I am constantly searching for efficient arbitrary precision math routines written in x86 assembler.
I work on the 3X+1 number theory problem a lot, so bignum adds and shifts are very
important to me. I'd sort of like to use asm code to enhance some C code I already have.
The C code wastes a trivia amount of CPU time...except for the parts I want to replace with
ASM code.

Best regards,
Mark Gibson
Posted on 2004-08-01 14:40:46 by DOKDOK
One of the things I'm thinking about, in addition to using ASM code is to put together custom hardware in ASIC.
In my experience, the only thing faster than assembler is doing it in hardware tailored to the task.

Any ideas?

Best regards,
Mark Gibson
Posted on 2004-08-01 14:44:58 by DOKDOK
Check out the GMP source code for x86 version covering several processors. They are fairly easy to code as well.

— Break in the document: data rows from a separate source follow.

lemma card_full_vertices_le:
  assumes G: "G \<in> graph_class 5 3"
  shows "3 * card {v \<in> verts G. link_size G v = 12} \<le> 5 * card {v \<in> verts G. link_size G v \<noteq> 12}"
    (is "3 * card ?F \<le> 5 * card ?M")
proof -
  note sg = graph_classD(1)[OF G]
  have fin: "finite ?F" "finite ?M"
    using finite_verts[OF sg] by simp_all
  define sends where "sends = Sigma ?F (\<lambda>w. nbrs G w \<inter> ?M)"
  have "(\<Sum>w\<in>?F. 3) \<le> (\<Sum>w\<in>?F. card (nbrs G w \<inter> ?M))"
  proof (rule sum_mono)
    fix w assume "w \<in> ?F"
    moreover have "{c \<in> nbrs G w. link_size G c \<le> 10} \<subseteq> nbrs G w \<inter> ?M"
      using nbrs_subset_verts[OF sg] by auto
    ultimately show "3 \<le> card (nbrs G w \<inter> ?M)"
      using card_deficient_nbrs[OF G, of w] card_mono[OF _ \<open>_ \<subseteq> nbrs G w \<inter> ?M\<close>]
        finite_nbrs[OF sg, of w] by fastforce
  qed
  also have "\<dots> = card sends"
    unfolding sends_def using fin finite_nbrs[OF sg] by (simp add: card_SigmaI)
  also have "\<dots> = card (prod.swap ` sends)"
    by (simp add: card_image)
  also have "\<dots> \<le> card (Sigma ?M (nbrs G))"
    using fin finite_nbrs[OF sg]
    by (intro card_mono) (auto simp: sends_def nbrs_def adj_sym)
  also have "\<dots> = (\<Sum>c\<in>?M. card (nbrs G c))"
    using fin finite_nbrs[OF sg] by (simp add: card_SigmaI)
  also have "\<dots> \<le> 5 * card ?M"
    using sum_bounded_above[of ?M "\<lambda>c. card (nbrs G c)" 5] graph_classD(2)[OF G] by simp
  finally show ?thesis
    by (simp add: mult.commute)
qed

lemma triangle_density_le:
  assumes G: "G \<in> graph_class 5 3"
  shows "8 * k_t 3 G \<le> 15 * card (verts G)"
proof -
  note sg = graph_classD(1)[OF G]
  define F where "F = {v \<in> verts G. link_size G v = 12}"
  define M where "M = {v \<in> verts G. link_size G v \<noteq> 12}"
  have VFM: "verts G = F \<union> M" "F \<inter> M = {}" "finite F" "finite M"
    using finite_verts[OF sg] by (auto simp: F_def M_def)
  have M_le_10: "link_size G v \<le> 10" if "v \<in> M" for v
    using that link_size_le_10[OF G] by (simp add: M_def)
  have "6 * k_t 3 G = (\<Sum>v\<in>verts G. link_size G v)"
    using sum_link_size_eq[OF sg] by simp
  also have "\<dots> = (\<Sum>v\<in>F. link_size G v) + (\<Sum>v\<in>M. link_size G v)"
    unfolding VFM(1) by (rule sum.union_disjoint[OF VFM(3,4,2)])
  also have "\<dots> \<le> 12 * card F + 10 * card M"
    using sum_bounded_above[of F "link_size G" 12] sum_bounded_above[of M "link_size G" 10] M_le_10
    by (fastforce simp: F_def intro: add_mono)
  finally have "6 * k_t 3 G \<le> 12 * card F + 10 * card M" .
  moreover have "3 * card F \<le> 5 * card M"
    using card_full_vertices_le[OF G] by (simp add: F_def M_def)
  moreover have "card (verts G) = card F + card M"
    using VFM card_Un_disjoint by metis
  ultimately show ?thesis
    by linarith
qed

lemma verts_C5_join_I3: "verts (join C5 I3) = {0,1,2,3,4,5,6,7}"
  by (auto simp: join_def C5_def I3_def verts_def)

lemma edges_C5_join_I3:
  "edges (join C5 I3) = {{0,1},{1,2},{2,3},{3,4},{4,0}} \<union> (\<lambda>(a, b). {a, b}) ` ({0,1,2,3,4} \<times> {5,6,7})"
proof -
  have "{i::nat. i < 5} = {0,1,2,3,4}"
    by auto
  moreover have "{{i, (i + 1) mod 5} | i::nat. i < 5} = (\<lambda>i. {i, (i + 1) mod 5}) ` {i. i < 5}"
    by blast
  ultimately have cycle: "{{i, (i + 1) mod 5} | i::nat. i < 5} = {{0,1},{1,2},{2,3},{3,4},{4,0}}"
    by (simp add: numeral_2_eq_2)
  have "{0..4::nat} = {0,1,2,3,4}"
    by auto
  then have "verts C5 = {0,1,2,3,4}" "verts I3 = {5,6,7}"
    and "edges C5 = {{0,1},{1,2},{2,3},{3,4},{4,0}}" "edges I3 = {}"
    using cycle by (simp_all add: C5_def I3_def verts_def edges_def)
  moreover have "{{a, b} | a b. a \<in> verts C5 \<and> b \<in> verts I3} = (\<lambda>(a, b). {a, b}) ` (verts C5 \<times> verts I3)"
    by auto
  ultimately show ?thesis
    by (simp add: join_def edges_def)
qed

lemma nbrs_C5_join_I3:
  "nbrs (join C5 I3) v =
    (if v < 5 then {(v + 1) mod 5, (v + 4) mod 5, 5, 6, 7} else if v \<le> 7 then {0,1,2,3,4} else {})"
proof -
  consider "v = 0" | "v = 1" | "v = 2" | "v = 3" | "v = 4" | "v = 5" | "v = 6" | "v = 7" | "7 < v"
    by linarith
  then show ?thesis
    unfolding nbrs_def adj_def edges_C5_join_I3
    by cases (auto simp: doubleton_eq_iff)
qed

lemma simple_graph_C5_join_I3: "simple_graph (join C5 I3)"
  unfolding simple_graph_def verts_C5_join_I3 edges_C5_join_I3 by auto

lemma max_degree_C5_join_I3: "max_degree (join C5 I3) \<le> 5"
proof (rule max_degree_le[OF simple_graph_C5_join_I3])
  fix v
  show "card (nbrs (join C5 I3) v) \<le> 5"
    using card_length[of "[(v + 1) mod 5, (v + 4) mod 5, 5, 6, 7]"] card_length[of "[0, 1, 2, 3, 4::nat]"]
    by (simp add: nbrs_C5_join_I3)
qed

lemma card_clique_C5_join_I3:
  assumes S: "is_clique (join C5 I3) S"
  shows "card S \<le> 3"
proof -
  let ?J = "join C5 I3"
  have adj: "adj ?J u w" if "u \<in> S" "w \<in> S" "u \<noteq> w" for u w
    using S that by (simp add: is_clique_iff_adj)
  define L where "L = S \<inter> {0,1,2,3,4}"
  define H where "H = S \<inter> {5,6,7}"
  have "S = L \<union> H" "finite L" "finite H"
    using S by (auto simp: L_def H_def is_clique_def verts_C5_join_I3)
  have "card H \<le> 1"
    unfolding One_nat_def card_le_Suc0_iff_eq[OF \<open>finite H\<close>]
  proof (intro ballI)
    fix x y assume "x \<in> H" "y \<in> H"
    then show "x = y"
      using adj[of x y] by (auto simp: H_def adj_iff_in_nbrs nbrs_C5_join_I3)
  qed
  moreover have "card L \<le> 2"
  proof (rule ccontr)
    assume "\<not> card L \<le> 2"
    then obtain T where "T \<subseteq> L" "card T = 3"
      using obtain_subset_with_card_n[of 3 L] by auto
    then obtain x y z where xyz: "{x, y, z} \<subseteq> L" "x \<noteq> y" "y \<noteq> z" "x \<noteq> z"
      by (auto simp: card_3_iff)
    then have "adj ?J x y" "adj ?J y z" "adj ?J x z" "x < 5" "y < 5" "z < 5"
      using adj by (auto simp: L_def)
    moreover have "x = 0 \<or> x = 1 \<or> x = 2 \<or> x = 3 \<or> x = 4"
      using \<open>x < 5\<close> by linarith
    ultimately show False
      using xyz(2-4) by (auto simp: adj_iff_in_nbrs nbrs_C5_join_I3)
  qed
  ultimately show "card S \<le> 3"
    using \<open>S = L \<union> H\<close> card_Un_le[of L H] by simp
qed

lemma C5_join_I3_in_graph_class: "join C5 I3 \<in> graph_class 5 3"
  using max_degree_C5_join_I3 clique_number_le[OF simple_graph_C5_join_I3 card_clique_C5_join_I3]
  by (simp add: graph_class_def simple_graph_C5_join_I3)

lemma triangles_C5_join_I3: "k_t 3 (join C5 I3) = 15"
proof -
  have "(\<Sum>v\<in>verts (join C5 I3). link_size (join C5 I3) v) = 90"
    by (simp add: verts_C5_join_I3 link_size_def card_adj_pairs nbrs_C5_join_I3)
  then show ?thesis
    using sum_link_size_eq[OF simple_graph_C5_join_I3] by simp
qed

lemma rho_3_le:
  assumes "G \<in> graph_class 5 3"
  shows "rho 3 G \<le> 15 / 8"
proof (cases "card (verts G) = 0")
  case False
  have "real (8 * k_t 3 G) \<le> real (15 * card (verts G))"
    using triangle_density_le[OF assms] by (simp only: of_nat_le_iff)
  with False show ?thesis
    by (simp add: rho_def divide_le_eq)
qed (simp add: rho_def)

theorem mainTheorem17:
  shows "f_t 3 5 3 = 15 / 8 \<and> rho 3 (join C5 I3) = 15 / 8"
proof -
  have rho_C5_join_I3: "rho 3 (join C5 I3) = 15 / 8"
    by (simp add: rho_def triangles_C5_join_I3 verts_C5_join_I3)
  have "f_t 3 5 3 = 15 / 8"
    unfolding f_t_def
  proof (rule cSup_eq_maximum)
    have "1 \<le> card (verts (join C5 I3))"
      by (simp add: verts_C5_join_I3)
    then show "15 / 8 \<in> {rho 3 G | G. G \<in> graph_class 5 3 \<and> 1 \<le> card (verts G)}"
      using C5_join_I3_in_graph_class rho_C5_join_I3[symmetric] by blast
  next
    fix x assume "x \<in> {rho 3 G | G. G \<in> graph_class 5 3 \<and> 1 \<le> card (verts G)}"
    then show "x \<le> 15 / 8"
      using rho_3_le by blast
  qed
  with rho_C5_join_I3 show ?thesis
    by simp
qed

The following routine calculates the longest sequence for starting numbers under one million.
	mov edx, 1000000

xor ebp, ebp ; max chain
xor ebx, ebx

next: dec edx
je done
cmp ebp, ebx
mov eax, edx
cmovc ebp, ebx ; save chain length
cmovc edi, edx ; save number
xor ebx, ebx
jmp _even
_odd:
lea eax, [eax][eax*2][2]
inc ebx
_even:
inc ebx
shr eax, 1
je next
jc _odd
jmp _even
done:
inc edi ; answer
The multiply by 3 and add can be done at <4 cycles per dword in the cache. The divide by 2 and test for end can be done with MMX at <2 cycles per dword.
Posted on 2004-08-01 15:14:29 by bitRAKE